Collecting Data

Creating Structured Data Sets for Visualization

These are essential tips to guide you in collecting and generating data sets that you will be able to analyze and visualize using a flexible variety of existing and future software tools and media formats. They also apply to collecting data sets for mapping geolocation data.

  • Write your notes using a plain text editor such as TextEdit, or maintain a backup set of your fieldnotes in a plain text format (e.g. .TXT files). Keeping an archive of your notes in a plain text format will enable you to cleanly import your field note data, or copy and paste selected notes, into specialized software and retain them for use in future versions of writing software.
  • Create or Save structured data from spreadsheets in plain formats such as .TSV (text separated values) or .CSV (comma separated values). The formatting issues described above for word processing software applies to structured and tabulated data, too. Thus, exporting and saving your data as .TSV or .CSV files will ensure access to your data from a wider variety of existing and future visualization tools.

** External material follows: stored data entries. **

definition reac :: "real \<Rightarrow> real \<Rightarrow> real \<Rightarrow> real \<Rightarrow> real" where
  "reac s0 tau eta v = s0 * (1 - exp (- tau * v)) - eta * v"

definition dlap :: "(int \<Rightarrow> real) \<Rightarrow> int \<Rightarrow> real" where
  "dlap u j = u (j - 1) - 2 * u j + u (j + 1)"

end

theory Submission
  imports Defs
begin

text \<open>
  A barrier \<open>\<epsilon> e\<^sup>N\<^sup>t (1 + j\<^sup>2)\<close> yields a comparison principle for the lattice equation among
  solutions that are bounded on finite time intervals. Since \<open>f\<close> is concave with \<open>f 0 = 0\<close>,
  every multiple \<open>a I\<^sub>\<infinity>\<close> with \<open>a \<ge> 1\<close> is a supersolution, so the solution stays between \<open>0\<close> and
  such a multiple dominating the finitely supported initial datum. Its upper and lower limits
  \<open>U\<close> and \<open>L\<close> as \<open>t \<rightarrow> \<infinity>\<close> are then a bounded subsolution and a nonnegative supersolution of the
  stationary problem, and \<open>L\<close> is positive because the source is positive somewhere. As
  \<open>f(v)/v\<close> is strictly decreasing, a discrete maximum principle for the ratios \<open>U / I\<^sub>\<infinity>\<close> and
  \<open>L / I\<^sub>\<infinity>\<close> gives \<open>U \<le> I\<^sub>\<infinity> \<le> L\<close>, so the solution converges to \<open>I\<^sub>\<infinity>\<close> at every site.
\<close>

section \<open>The reaction term\<close>

lemma one_minus_exp_scaled_less:
  fixes a b x :: real
  assumes "0 < a" "a < b" "0 < x"
  shows "a * (1 - exp (- b * x)) < b * (1 - exp (- a * x))"
proof -
  let ?k = "\<lambda>y. b * (1 - exp (- a * y)) - a * (1 - exp (- b * y))"
  have "?k 0 < ?k x"
  proof (rule DERIV_pos_imp_increasing_open[OF assms(3)])
    fix y :: real
    assume y: "0 < y" "y < x"
    have "exp (- b * y) < exp (- a * y)"
      using assms y by (simp add: mult_strict_right_mono)
    then have "0 < a * b * (exp (- a * y) - exp (- b * y))"
      using assms by simp
    moreover have "DERIV ?k y :> a * b * (exp (- a * y) - exp (- b * y))"
      by (auto intro!: derivative_eq_intros simp: algebra_simps)
    ultimately show "\<exists>d. DERIV ?k y :> d \<and> 0 < d"
      by blast
  qed (intro continuous_intros)
  then show ?thesis
    by simp
qed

  • Use a consistent and cogent set of categories and units to describe your data whether you are collecting measurable or descriptive data.
  • Ensure that column names are the same for the same types of data if you are using multiple worksheets, workbooks or data sets. For example, if the data for “year of birth,” “birthday,” and “year” are the same type of data, they should be defined as a single term in all your data sets. This consistency is especially important for joining and analyzing data sets that are derived from multiple sources or time periods.

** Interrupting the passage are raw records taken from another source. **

lemma real_self_scalar_prod_ge_0: "(v :: real vec) \<bullet> v \<ge> 0"
  using conjugate_square_ge_0_vec[of v] by (simp add: real_conjugate_vec)

lemma normalized_vec:
  fixes v :: "real vec"
  assumes v: "v \<in> carrier_vec n" "v \<noteq> 0\<^sub>v n"
  defines "u \<equiv> (1 / sqrt (v \<bullet> v)) \<cdot>\<^sub>v v"
  shows "u \<bullet> u = 1"
proof -
  have pos: "v \<bullet> v > 0"
    using real_self_scalar_prod_ge_0[of v] real_self_scalar_prod_eq_0[OF v(1)] v(2) by linarith
  have "u \<bullet> u = (1 / sqrt (v \<bullet> v))\<^sup>2 * (v \<bullet> v)"
    using v(1) by (simp add: u_def power2_eq_square)
  also have "\<dots> = 1" using pos by (simp add: power_divide)
  finally show ?thesis .
qed

lemma symmetric_entry:
  assumes "A \<in> carrier_mat n n" "A\<^sup>T = A" "i < n" "j < n"
  shows "A $$ (i,j) = A $$ (j,i)"
  using assms by (metis carrier_matD index_transpose_mat(1))

text \<open>Real orthogonal matrices (\<open>U\<^sup>T U = 1\<close>); the name avoids the library notion
  \<open>orthogonal_mat\<close>, which only asks for orthogonal columns.\<close>
definition orthonormal_mat :: "nat \<Rightarrow> real mat \<Rightarrow> bool" where
  "orthonormal_mat n U \<longleftrightarrow> U \<in> carrier_mat n n \<and> U\<^sup>T * U = 1\<^sub>m n"

lemma orthonormal_matD:
  assumes "orthonormal_mat n U"
  shows "U \<in> carrier_mat n n" "U\<^sup>T * U = 1\<^sub>m n" "U * U\<^sup>T = 1\<^sub>m n"
  using assms mat_mult_left_right_inverse[of "U\<^sup>T" n U]
  unfolding orthonormal_mat_def by auto

lemma orthonormal_mat_vec:
  assumes U: "orthonormal_mat n U" and x: "x \<in> carrier_vec n"
  shows "U\<^sup>T *\<^sub>v (U *\<^sub>v x) = x" "U *\<^sub>v (U\<^sup>T *\<^sub>v x) = x"
  using orthonormal_matD[OF U] x by (simp_all add: assoc_mult_mat_vec[symmetric, of _ n n _ n])

lemma orthonormal_mat_one: "orthonormal_mat n (1\<^sub>m n)"
  unfolding orthonormal_mat_def by simp
(* Let $n$ be a positive integer, let $a_n$ be an integer, and let $x$ be a nonzero real or complex number. Then \[ \left(\frac{x-1}{x}\right)^n\sum_{a_{n-1}=1}^{a_n}\sum_{a_{n-2}=1}^{a_{n-1}}\cdots\sum_{a_0=1}^{a_1}x^{a_0} = x^{a_n}-\sum_{j=0}^{n-1}\left(\frac{x-1}{x}\right)^j\binom{a_n+j-1}{j}. \]
   Context: For integers $c,m$ and a function $f$ on the integers, $\sum_{k=c}^m f(k)$ denotes the usual sum if $m\ge c$, equals $0$ if $m=c-1$, and equals $-\sum_{k=m+1}^{c-1}f(k)$ if $m\le c-2$. The nested sum $\sum_{a_{n-1}=c}^{a_n}\sum_{a_{n-2}=c}^{a_{n-1}}\cdots\sum_{a_0=c}^{a_1}g(a_0)$ is the iterated sum ($n$ summation signs): innermost over $a_0$ from $c$ to $a_1$, then over $a_1$ from $c$ to $a_2$, ..., outermost over $a_{n-1}$ from $c$ to $a_n$. For an integer $j\ge0$ and any number $y$, $\binom{y}{j}=y(y-1)\cdots(y-j+1)/j!$. *)

theory Defs
  imports Complex_Main
begin

definition isum :: "int \<Rightarrow> int \<Rightarrow> (int \<Rightarrow> 'a::ab_group_add) \<Rightarrow> 'a" where
  "isum c m f = (if m \<ge> c then (\<Sum>k\<in>{c..m}. f k)
                 else if m = c - 1 then 0
                 else - (\<Sum>k\<in>{m+1..c-1}. f k))"

text \<open>Iterated sum with n summation signs: nested_sum c n g a_n =
  sum over a_{n-1} from c to a_n ... sum over a_0 from c to a_1 of g a_0.\<close>
fun nested_sum :: "int \<Rightarrow> nat \<Rightarrow> (int \<Rightarrow> 'a::ab_group_add) \<Rightarrow> int \<Rightarrow> 'a" where
  "nested_sum c 0 g a = g a"
| "nested_sum c (Suc k) g a = isum c a (\<lambda>b. nested_sum c k g b)"

end

theory Submission
  imports Defs
begin

text \<open>Write y = (x - 1)/x and W n a for the sum on the right-hand side. Since
  x^a - x^(a-1) = y x^a and, by Pascal's rule, W (n+1) a - W (n+1) (a-1) = y W n a, the function
  a \<mapsto> x^a - W (n+1) a is a discrete antiderivative of a \<mapsto> y (x^a - W n a) vanishing at a = 0.
  The signed-sum convention makes telescoping valid for every integer upper limit, so induction
  on n gives the identity for all a; it holds for n = 0 as well.\<close>

lemma sum_atLeastAtMost_int_telescope:
  fixes G :: "int \<Rightarrow> 'a::ab_group_add"
  assumes "\<And>k. G k - G (k - 1) = f k" and "m \<ge> c - 1"
  shows "(\<Sum>k\<in>{c..m}. f k) = G m - G (c - 1)"
  using assms(2)
proof (induction m rule: int_ge_induct)
  case base
  then show ?case by simp
next
  case (step m)
  have "{c..m + 1} = insert (m + 1) {c..m}" using step.hyps by auto
  then have "(\<Sum>k\<in>{c..m + 1}. f k) = f (m + 1) + (\<Sum>k\<in>{c..m}. f k)" by simp
  then show ?case using step.IH assms(1)[of "m + 1"] by (simp add: algebra_simps)
qed

lemma isum_telescope:
  fixes G :: "int \<Rightarrow> 'a::ab_group_add"
  assumes diff: "\<And>k. G k - G (k - 1) = f k"
  shows "isum c m f = G m - G (c - 1)"
proof -
  consider "m \<ge> c" | "m = c - 1" | "m < c - 1" by linarith
  then show ?thesis
  proof cases
    case 1
    then show ?thesis
      unfolding isum_def using sum_atLeastAtMost_int_telescope[of G f, OF diff, of c m] by simp
  next
    case 2
    then show ?thesis unfolding isum_def by simp
  next
    case 3
    then show ?thesis
      unfolding isum_def using sum_atLeastAtMost_int_telescope[of G f, OF diff, of "m + 1" "c - 1"] by simp
  qed
qed

lemma isum_mult_left:
  fixes r :: "'a::ring"
  shows "isum c m (\<lambda>k. r * f k) = r * isum c m f"
  unfolding isum_def by (simp add: sum_distrib_left)

lemma power_int_diff_pred:
  fixes x :: "'a::field"
  assumes "x \<noteq> 0"
  shows "x powi k - x powi (k - 1) = (x - 1) / x * x powi k"
proof -
  have "x powi k = x powi (k - 1) * x"
    using power_int_add_1[of x "k - 1"] assms by simp
  then show ?thesis using assms by (simp add: field_simps)
qed

definition weighted_gbinomial_sum :: "'a::field_char_0 \<Rightarrow> nat \<Rightarrow> int \<Rightarrow> 'a" where
  "weighted_gbinomial_sum y n a = (\<Sum>j<n. y ^ j * (of_int (a + int j - 1) gchoose j))"

lemma weighted_gbinomial_sum_diff:
  "weighted_gbinomial_sum y (Suc n) a - weighted_gbinomial_sum y (Suc n) (a - 1)
     = y * weighted_gbinomial_sum y n a"
proof -
  have pascal: "(of_int (a + int (Suc j) - 1) gchoose Suc j)
      - (of_int (a - 1 + int (Suc j) - 1) gchoose Suc j)
      = (of_int (a + int j - 1) gchoose j :: 'a)" for j
    using gbinomial_Suc_Suc[of "of_int (a + int j - 1) :: 'a" j]
    by (simp add: algebra_simps)
  have "weighted_gbinomial_sum y (Suc n) a - weighted_gbinomial_sum y (Suc n) (a - 1)
      = (\<Sum>j<Suc n. y ^ j * ((of_int (a + int j - 1) gchoose j)
                             - (of_int (a - 1 + int j - 1) gchoose j)))"
    unfolding weighted_gbinomial_sum_def by (simp add: sum_subtractf algebra_simps)
  also have "\<dots> = (\<Sum>j<n. y ^ Suc j * ((of_int (a + int (Suc j) - 1) gchoose Suc j)
                             - (of_int (a - 1 + int (Suc j) - 1) gchoose Suc j)))"
    by (subst sum.lessThan_Suc_shift) simp
  also have "\<dots> = y * weighted_gbinomial_sum y n a"
    unfolding pascal weighted_gbinomial_sum_def by (simp add: sum_distrib_left mult.assoc)
  finally show ?thesis .
qed

lemma weighted_gbinomial_sum_at_zero: "weighted_gbinomial_sum y (Suc n) 0 = 1"
proof -
  have "(of_int (int (Suc j) - 1) gchoose Suc j :: 'a) = 0" for j
    by (simp add: binomial_gbinomial[symmetric])
  then show ?thesis
    unfolding weighted_gbinomial_sum_def by (subst sum.lessThan_Suc_shift) simp
qed

lemma nested_sum_powi:
  fixes x :: "'a::field_char_0"
  assumes "x \<noteq> 0"
  shows "((x - 1) / x) ^ n * nested_sum 1 n (\<lambda>a0. x powi a0) a
         = x powi a - weighted_gbinomial_sum ((x - 1) / x) n a"
proof (induction n arbitrary: a)
  case 0
  then show ?case by (simp add: weighted_gbinomial_sum_def)
next
  case (Suc n)
  define y where "y = (x - 1) / x"
  define W where "W = weighted_gbinomial_sum y"
  define G where "G k = x powi k - W (Suc n) k" for k
  have antiderivative: "G k - G (k - 1) = y * (x powi k - W n k)" for k
    unfolding G_def using power_int_diff_pred[OF assms, of k] weighted_gbinomial_sum_diff[of y n k]
    unfolding y_def W_def by (simp add: algebra_simps)
  have "y ^ Suc n * nested_sum 1 (Suc n) (\<lambda>a0. x powi a0) a
      = y * isum 1 a (\<lambda>b. y ^ n * nested_sum 1 n (\<lambda>a0. x powi a0) b)"
    by (simp add: isum_mult_left mult.assoc)
  also have "\<dots> = isum 1 a (\<lambda>b. y * (x powi b - W n b))"
    unfolding Suc.IH y_def W_def isum_mult_left ..
  also have "\<dots> = x powi a - W (Suc n) a"
    using isum_telescope[of G, OF antiderivative, of 1 a] weighted_gbinomial_sum_at_zero
    unfolding G_def W_def by simp
  finally show ?case unfolding y_def W_def .
qed

theorem lemma2:
  fixes n :: nat and an :: int and x :: "'a::real_normed_field"
  assumes "n \<ge> 1" and "x \<noteq> 0"
  shows "((x - 1) / x) ^ n * nested_sum 1 n (\<lambda>a0. x powi a0) an
         = x powi an - (\<Sum>j<n. ((x - 1) / x) ^ j * ((of_int (an + int j - 1) :: 'a) gchoose j))"
  using nested_sum_powi[OF assms(2)] unfolding weighted_gbinomial_sum_def .

end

  • Avoid leaving empty spaces in column headers that describe data, as required by some software. For example, age (months) might be age_months; “birthday” could be “birthdate”.
  • Review and clean up tabular data. Whether you collect them or generate them yourself, spreadsheet tables may not be ready for accurate visual analysis. Despite the neat gridded layout, data gets messy! Check for errors, obvious outliers, typos and erroneous empty (null) rows. Ensure that columns are formatted as data types that correspond to how you will use their data. For example, check that dates and currency are defined as such. Change numbers to text for columns with numbers that are actually not measurable quantities to be computed. Zip codes or medical codes, for example. Remove any pre-aggregated data that is not part of the raw data itself, such as totals or sub-totals that contain sums, averages, counts, etc. Remove introductory text such as titles or legends which might appear apart from your column headers, and flatten any sub-headers by creating a new  columns for major headers in the hierarchy. Finally, remove blank rows; check where white spaces may appear in your headers and data; trim leading and trailing whitespaces and collapse consecutive whitespaces. OpenRefine is an excellent free tool for managing these issues and for cleaning and organizing datasets before you import them into visualization or mapping software.
  • Keep a record of your data sources and record the last time the data set was collected, edited or published, and when you accessed or generated the data.
  • You can extract tabulated data from PDFs and save as CSV tables using Tabula.